====== Supplied data
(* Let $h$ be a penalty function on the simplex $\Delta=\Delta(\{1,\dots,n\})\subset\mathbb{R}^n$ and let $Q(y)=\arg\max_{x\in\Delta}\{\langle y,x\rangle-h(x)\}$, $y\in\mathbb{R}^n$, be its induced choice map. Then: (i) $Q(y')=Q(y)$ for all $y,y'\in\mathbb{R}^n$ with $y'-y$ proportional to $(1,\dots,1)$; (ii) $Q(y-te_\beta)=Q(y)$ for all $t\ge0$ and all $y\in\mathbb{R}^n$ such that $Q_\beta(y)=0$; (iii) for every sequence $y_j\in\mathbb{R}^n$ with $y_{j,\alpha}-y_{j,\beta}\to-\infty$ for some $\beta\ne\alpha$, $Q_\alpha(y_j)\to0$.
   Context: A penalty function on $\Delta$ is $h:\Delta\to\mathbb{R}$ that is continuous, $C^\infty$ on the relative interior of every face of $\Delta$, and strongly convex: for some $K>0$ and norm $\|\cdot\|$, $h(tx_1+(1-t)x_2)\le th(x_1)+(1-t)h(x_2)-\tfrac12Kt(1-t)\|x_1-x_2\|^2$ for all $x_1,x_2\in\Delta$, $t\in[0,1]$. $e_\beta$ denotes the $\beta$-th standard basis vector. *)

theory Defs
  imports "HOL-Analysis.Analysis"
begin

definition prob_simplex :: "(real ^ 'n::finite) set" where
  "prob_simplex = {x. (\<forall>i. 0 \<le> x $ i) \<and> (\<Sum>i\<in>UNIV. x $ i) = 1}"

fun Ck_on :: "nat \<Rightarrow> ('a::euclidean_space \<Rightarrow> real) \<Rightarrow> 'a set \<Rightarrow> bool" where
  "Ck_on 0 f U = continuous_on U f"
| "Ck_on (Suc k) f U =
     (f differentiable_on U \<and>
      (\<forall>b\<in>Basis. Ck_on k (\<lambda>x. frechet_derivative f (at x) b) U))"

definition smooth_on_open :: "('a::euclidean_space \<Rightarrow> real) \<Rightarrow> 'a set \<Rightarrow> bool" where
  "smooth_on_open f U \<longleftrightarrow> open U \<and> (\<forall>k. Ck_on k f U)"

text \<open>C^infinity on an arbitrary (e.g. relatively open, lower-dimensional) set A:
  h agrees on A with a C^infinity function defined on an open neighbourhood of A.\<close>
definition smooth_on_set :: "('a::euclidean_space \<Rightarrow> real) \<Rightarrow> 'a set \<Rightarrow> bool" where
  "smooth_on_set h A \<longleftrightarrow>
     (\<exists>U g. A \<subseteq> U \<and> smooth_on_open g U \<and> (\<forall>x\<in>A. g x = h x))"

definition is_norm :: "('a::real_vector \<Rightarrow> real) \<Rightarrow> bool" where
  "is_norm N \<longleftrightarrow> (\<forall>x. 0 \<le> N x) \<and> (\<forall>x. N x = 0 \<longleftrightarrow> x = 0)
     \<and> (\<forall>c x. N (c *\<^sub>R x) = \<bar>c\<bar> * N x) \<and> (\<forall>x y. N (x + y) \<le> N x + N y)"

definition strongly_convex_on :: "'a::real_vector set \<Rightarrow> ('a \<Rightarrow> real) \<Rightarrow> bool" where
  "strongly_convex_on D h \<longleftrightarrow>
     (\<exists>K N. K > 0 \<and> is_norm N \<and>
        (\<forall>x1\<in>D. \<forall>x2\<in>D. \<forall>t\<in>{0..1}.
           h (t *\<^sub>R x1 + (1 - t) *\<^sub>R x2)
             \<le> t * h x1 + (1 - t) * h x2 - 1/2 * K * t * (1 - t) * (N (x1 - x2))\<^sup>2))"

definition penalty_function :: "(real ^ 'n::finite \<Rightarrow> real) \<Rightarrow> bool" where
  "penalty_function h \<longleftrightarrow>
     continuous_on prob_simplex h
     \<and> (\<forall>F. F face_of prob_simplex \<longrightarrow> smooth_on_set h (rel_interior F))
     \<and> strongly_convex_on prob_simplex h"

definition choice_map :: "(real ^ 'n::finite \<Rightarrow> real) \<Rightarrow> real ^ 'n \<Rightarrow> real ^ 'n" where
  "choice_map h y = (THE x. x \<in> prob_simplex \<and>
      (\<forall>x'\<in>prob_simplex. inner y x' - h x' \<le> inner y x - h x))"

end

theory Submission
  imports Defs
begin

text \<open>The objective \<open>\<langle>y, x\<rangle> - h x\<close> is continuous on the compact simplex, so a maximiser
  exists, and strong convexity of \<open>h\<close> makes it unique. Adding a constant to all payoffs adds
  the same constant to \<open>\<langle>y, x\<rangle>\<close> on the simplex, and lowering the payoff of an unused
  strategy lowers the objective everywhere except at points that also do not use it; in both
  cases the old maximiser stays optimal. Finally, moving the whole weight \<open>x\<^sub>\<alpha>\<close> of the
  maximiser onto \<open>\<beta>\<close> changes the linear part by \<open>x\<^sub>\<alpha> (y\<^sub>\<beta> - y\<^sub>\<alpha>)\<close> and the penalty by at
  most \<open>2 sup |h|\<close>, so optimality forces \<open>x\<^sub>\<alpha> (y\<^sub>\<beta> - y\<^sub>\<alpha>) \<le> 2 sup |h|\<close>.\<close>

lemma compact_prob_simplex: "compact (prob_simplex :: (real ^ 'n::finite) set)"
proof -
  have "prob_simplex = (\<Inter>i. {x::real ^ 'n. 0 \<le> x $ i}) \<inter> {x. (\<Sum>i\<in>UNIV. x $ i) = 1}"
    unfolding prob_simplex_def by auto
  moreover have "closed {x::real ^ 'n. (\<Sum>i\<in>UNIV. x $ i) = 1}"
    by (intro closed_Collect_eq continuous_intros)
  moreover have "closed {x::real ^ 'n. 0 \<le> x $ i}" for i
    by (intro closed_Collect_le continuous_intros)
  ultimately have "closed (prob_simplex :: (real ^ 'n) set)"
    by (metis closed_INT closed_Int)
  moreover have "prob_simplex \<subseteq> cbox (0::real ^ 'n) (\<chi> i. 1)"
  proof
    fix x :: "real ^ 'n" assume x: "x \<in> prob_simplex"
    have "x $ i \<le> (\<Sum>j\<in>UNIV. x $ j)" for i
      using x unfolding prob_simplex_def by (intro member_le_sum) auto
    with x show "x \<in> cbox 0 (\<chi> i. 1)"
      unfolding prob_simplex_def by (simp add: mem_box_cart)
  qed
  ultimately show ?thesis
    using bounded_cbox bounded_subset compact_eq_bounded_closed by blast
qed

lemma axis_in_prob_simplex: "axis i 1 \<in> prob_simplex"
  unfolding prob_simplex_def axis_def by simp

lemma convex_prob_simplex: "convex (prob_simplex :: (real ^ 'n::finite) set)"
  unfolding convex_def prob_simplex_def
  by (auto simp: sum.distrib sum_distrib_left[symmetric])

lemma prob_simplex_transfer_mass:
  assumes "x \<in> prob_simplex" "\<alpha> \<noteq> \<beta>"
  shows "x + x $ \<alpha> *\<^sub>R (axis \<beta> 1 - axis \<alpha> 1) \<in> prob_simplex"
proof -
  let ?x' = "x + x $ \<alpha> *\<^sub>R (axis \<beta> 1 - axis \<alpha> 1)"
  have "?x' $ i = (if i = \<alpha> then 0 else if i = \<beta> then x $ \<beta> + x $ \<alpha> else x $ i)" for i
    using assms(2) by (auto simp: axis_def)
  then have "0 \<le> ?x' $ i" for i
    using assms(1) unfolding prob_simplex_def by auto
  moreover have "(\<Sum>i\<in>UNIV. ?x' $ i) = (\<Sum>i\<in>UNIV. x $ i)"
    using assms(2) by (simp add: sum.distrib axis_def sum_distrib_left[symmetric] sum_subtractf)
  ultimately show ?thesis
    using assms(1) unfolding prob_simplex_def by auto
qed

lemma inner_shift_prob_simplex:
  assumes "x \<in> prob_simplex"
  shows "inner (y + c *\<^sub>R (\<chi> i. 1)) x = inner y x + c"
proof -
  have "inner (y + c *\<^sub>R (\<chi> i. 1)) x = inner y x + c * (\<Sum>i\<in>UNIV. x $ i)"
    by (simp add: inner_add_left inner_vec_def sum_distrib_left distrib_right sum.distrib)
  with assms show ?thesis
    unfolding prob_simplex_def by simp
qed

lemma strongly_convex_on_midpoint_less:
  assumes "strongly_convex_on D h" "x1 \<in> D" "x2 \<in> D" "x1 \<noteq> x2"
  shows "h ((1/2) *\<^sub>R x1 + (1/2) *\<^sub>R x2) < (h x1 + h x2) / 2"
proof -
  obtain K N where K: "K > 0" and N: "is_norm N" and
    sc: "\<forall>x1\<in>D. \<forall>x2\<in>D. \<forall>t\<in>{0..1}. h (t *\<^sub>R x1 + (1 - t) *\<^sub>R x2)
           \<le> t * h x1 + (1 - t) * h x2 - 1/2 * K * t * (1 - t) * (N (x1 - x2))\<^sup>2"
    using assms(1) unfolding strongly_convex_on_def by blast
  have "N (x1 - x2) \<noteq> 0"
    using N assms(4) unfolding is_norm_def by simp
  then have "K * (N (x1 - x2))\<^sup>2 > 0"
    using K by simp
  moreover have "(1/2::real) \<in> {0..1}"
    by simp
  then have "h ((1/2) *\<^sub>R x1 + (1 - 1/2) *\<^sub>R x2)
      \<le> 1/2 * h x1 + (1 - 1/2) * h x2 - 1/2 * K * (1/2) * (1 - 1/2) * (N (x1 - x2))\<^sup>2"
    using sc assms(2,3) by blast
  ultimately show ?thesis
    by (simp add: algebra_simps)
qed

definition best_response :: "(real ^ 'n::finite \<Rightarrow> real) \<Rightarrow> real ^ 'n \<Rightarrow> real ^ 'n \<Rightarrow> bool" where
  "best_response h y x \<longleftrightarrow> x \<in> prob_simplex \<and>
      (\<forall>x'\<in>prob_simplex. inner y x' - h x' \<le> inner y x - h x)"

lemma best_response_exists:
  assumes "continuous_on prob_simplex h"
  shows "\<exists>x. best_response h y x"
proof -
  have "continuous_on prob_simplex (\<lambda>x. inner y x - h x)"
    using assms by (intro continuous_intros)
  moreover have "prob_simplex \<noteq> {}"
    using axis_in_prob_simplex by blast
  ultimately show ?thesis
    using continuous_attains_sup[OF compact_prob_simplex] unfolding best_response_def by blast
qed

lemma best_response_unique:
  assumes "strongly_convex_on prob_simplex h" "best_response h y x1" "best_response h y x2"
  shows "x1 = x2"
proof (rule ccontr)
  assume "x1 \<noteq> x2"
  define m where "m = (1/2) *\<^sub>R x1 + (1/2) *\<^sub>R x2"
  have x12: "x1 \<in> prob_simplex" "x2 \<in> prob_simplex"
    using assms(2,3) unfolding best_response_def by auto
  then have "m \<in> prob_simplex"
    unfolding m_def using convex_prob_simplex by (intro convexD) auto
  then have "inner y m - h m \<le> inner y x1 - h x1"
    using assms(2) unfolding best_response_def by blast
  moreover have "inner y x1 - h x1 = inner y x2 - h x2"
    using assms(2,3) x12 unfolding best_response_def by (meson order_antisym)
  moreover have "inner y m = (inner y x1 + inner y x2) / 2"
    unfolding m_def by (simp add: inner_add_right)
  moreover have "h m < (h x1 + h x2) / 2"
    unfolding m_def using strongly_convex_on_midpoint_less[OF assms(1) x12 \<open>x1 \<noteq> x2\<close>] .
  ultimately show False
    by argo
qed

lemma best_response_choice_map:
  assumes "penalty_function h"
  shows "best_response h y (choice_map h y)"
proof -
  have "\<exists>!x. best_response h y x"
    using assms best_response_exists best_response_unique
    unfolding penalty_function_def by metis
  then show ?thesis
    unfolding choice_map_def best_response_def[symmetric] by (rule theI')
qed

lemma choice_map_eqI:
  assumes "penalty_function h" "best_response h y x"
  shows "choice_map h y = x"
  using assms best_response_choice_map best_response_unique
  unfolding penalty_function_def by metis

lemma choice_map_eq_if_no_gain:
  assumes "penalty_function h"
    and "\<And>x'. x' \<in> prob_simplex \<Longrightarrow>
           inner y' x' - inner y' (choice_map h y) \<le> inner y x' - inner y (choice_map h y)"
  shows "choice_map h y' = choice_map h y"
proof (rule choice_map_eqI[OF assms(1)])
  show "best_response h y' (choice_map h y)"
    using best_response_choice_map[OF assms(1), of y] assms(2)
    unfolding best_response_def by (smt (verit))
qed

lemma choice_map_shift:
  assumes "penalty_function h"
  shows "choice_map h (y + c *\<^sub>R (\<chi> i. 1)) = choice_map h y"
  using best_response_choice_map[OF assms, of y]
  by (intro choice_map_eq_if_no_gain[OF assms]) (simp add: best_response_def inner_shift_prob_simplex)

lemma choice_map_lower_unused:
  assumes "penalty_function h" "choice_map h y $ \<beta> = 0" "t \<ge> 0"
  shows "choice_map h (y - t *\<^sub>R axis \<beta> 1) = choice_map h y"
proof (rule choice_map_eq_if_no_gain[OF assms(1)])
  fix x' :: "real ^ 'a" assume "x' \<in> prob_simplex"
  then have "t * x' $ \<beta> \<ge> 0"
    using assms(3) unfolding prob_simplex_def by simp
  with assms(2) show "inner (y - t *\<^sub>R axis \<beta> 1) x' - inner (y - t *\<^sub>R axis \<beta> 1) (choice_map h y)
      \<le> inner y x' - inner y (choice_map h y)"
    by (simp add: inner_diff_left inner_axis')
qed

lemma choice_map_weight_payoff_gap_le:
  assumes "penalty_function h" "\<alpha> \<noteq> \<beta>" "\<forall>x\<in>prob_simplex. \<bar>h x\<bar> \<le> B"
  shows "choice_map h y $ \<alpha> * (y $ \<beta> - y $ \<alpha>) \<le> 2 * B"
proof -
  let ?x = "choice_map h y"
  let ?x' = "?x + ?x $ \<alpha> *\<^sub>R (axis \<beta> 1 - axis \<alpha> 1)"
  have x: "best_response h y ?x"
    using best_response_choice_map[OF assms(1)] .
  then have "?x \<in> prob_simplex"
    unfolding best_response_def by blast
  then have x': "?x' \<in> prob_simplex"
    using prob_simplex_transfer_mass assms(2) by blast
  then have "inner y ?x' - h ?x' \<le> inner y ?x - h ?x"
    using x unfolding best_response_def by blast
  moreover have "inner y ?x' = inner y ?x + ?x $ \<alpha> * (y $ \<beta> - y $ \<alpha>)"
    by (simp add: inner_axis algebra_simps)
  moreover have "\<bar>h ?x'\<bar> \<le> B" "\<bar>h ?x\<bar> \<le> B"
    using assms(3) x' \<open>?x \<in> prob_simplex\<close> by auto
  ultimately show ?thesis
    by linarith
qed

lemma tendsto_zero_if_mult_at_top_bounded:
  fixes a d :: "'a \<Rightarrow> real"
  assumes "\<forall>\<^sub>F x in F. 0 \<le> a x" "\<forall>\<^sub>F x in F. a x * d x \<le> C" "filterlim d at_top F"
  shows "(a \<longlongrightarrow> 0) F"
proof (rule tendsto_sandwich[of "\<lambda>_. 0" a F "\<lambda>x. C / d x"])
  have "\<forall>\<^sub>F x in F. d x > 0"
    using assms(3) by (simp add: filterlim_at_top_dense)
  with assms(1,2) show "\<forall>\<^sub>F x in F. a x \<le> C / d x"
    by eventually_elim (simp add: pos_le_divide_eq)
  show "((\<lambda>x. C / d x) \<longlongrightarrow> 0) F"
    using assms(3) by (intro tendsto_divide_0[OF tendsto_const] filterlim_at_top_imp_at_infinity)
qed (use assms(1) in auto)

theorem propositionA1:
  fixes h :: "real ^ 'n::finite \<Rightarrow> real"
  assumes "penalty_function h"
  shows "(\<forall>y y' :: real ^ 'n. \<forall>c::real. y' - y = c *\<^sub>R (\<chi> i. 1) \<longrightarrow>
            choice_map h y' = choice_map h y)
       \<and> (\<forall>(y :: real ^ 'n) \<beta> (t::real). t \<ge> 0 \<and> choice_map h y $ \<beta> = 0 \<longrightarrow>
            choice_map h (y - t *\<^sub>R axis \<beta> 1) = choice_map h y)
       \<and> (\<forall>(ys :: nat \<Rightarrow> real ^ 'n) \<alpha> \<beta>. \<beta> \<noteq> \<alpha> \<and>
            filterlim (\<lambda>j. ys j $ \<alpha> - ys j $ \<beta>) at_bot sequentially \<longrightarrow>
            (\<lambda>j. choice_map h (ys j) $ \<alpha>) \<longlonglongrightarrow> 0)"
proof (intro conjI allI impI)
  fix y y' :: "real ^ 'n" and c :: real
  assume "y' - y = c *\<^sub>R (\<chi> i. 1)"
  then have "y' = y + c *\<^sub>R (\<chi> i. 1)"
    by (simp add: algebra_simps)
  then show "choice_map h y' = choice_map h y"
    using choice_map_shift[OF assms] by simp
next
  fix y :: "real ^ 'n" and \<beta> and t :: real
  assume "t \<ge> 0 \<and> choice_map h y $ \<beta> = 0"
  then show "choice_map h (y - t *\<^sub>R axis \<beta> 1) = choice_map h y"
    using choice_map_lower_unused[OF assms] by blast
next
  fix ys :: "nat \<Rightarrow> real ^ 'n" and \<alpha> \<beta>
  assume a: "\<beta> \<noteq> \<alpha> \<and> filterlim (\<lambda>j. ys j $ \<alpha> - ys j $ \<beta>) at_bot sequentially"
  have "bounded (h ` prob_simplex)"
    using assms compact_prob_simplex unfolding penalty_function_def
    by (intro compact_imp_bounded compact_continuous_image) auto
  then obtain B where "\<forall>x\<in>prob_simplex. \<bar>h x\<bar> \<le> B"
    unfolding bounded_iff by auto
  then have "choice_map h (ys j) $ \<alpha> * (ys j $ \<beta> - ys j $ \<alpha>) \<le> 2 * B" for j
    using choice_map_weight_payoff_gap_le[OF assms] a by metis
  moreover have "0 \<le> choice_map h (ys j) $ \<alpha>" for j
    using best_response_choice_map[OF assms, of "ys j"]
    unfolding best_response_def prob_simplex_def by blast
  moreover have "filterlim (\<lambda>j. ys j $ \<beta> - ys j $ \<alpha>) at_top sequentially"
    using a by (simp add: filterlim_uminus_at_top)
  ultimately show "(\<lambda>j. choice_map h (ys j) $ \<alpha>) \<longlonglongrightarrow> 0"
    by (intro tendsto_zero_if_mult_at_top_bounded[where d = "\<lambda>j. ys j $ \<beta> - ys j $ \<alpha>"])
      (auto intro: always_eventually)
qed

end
============
| Task objective |
Restate exactly, and only, every line from the one that contains "proof (intro conjI allI impI)" through the last line of the records.

| Completed task |
proof (intro conjI allI impI)
  fix y y' :: "real ^ 'n" and c :: real
  assume "y' - y = c *\<^sub>R (\<chi> i. 1)"
  then have "y' = y + c *\<^sub>R (\<chi> i. 1)"
    by (simp add: algebra_simps)
  then show "choice_map h y' = choice_map h y"
    using choice_map_shift[OF assms] by simp
next
  fix y :: "real ^ 'n" and \<beta> and t :: real
  assume "t \<ge> 0 \<and> choice_map h y $ \<beta> = 0"
  then show "choice_map h (y - t *\<^sub>R axis \<beta> 1) = choice_map h y"
    using choice_map_lower_unused[OF assms] by blast
next
  fix ys :: "nat \<Rightarrow> real ^ 'n" and \<alpha> \<beta>
  assume a: "\<beta> \<noteq> \<alpha> \<and> filterlim (\<lambda>j. ys j $ \<alpha> - ys j $ \<beta>) at_bot sequentially"
  have "bounded (h ` prob_simplex)"
    using assms compact_prob_simplex unfolding penalty_function_def
    by (intro compact_imp_bounded compact_continuous_image) auto
  then obtain B where "\<forall>x\<in>prob_simplex. \<bar>h x\<bar> \<le> B"
    unfolding bounded_iff by auto
  then have "choice_map h (ys j) $ \<alpha> * (ys j $ \<beta> - ys j $ \<alpha>) \<le> 2 * B" for j
    using choice_map_weight_payoff_gap_le[OF assms] a by metis
  moreover have "0 \<le> choice_map h (ys j) $ \<alpha>" for j
    using best_response_choice_map[OF assms, of "ys j"]
    unfolding best_response_def prob_simplex_def by blast
  moreover have "filterlim (\<lambda>j. ys j $ \<beta> - ys j $ \<alpha>) at_top sequentially"
    using a by (simp add: filterlim_uminus_at_top)
  ultimately show "(\<lambda>j. choice_map h (ys j) $ \<alpha>) \<longlonglongrightarrow> 0"
    by (intro tendsto_zero_if_mult_at_top_bounded[where d = "\<lambda>j. ys j $ \<beta> - ys j $ \<alpha>"])
      (auto intro: always_eventually)
qed

end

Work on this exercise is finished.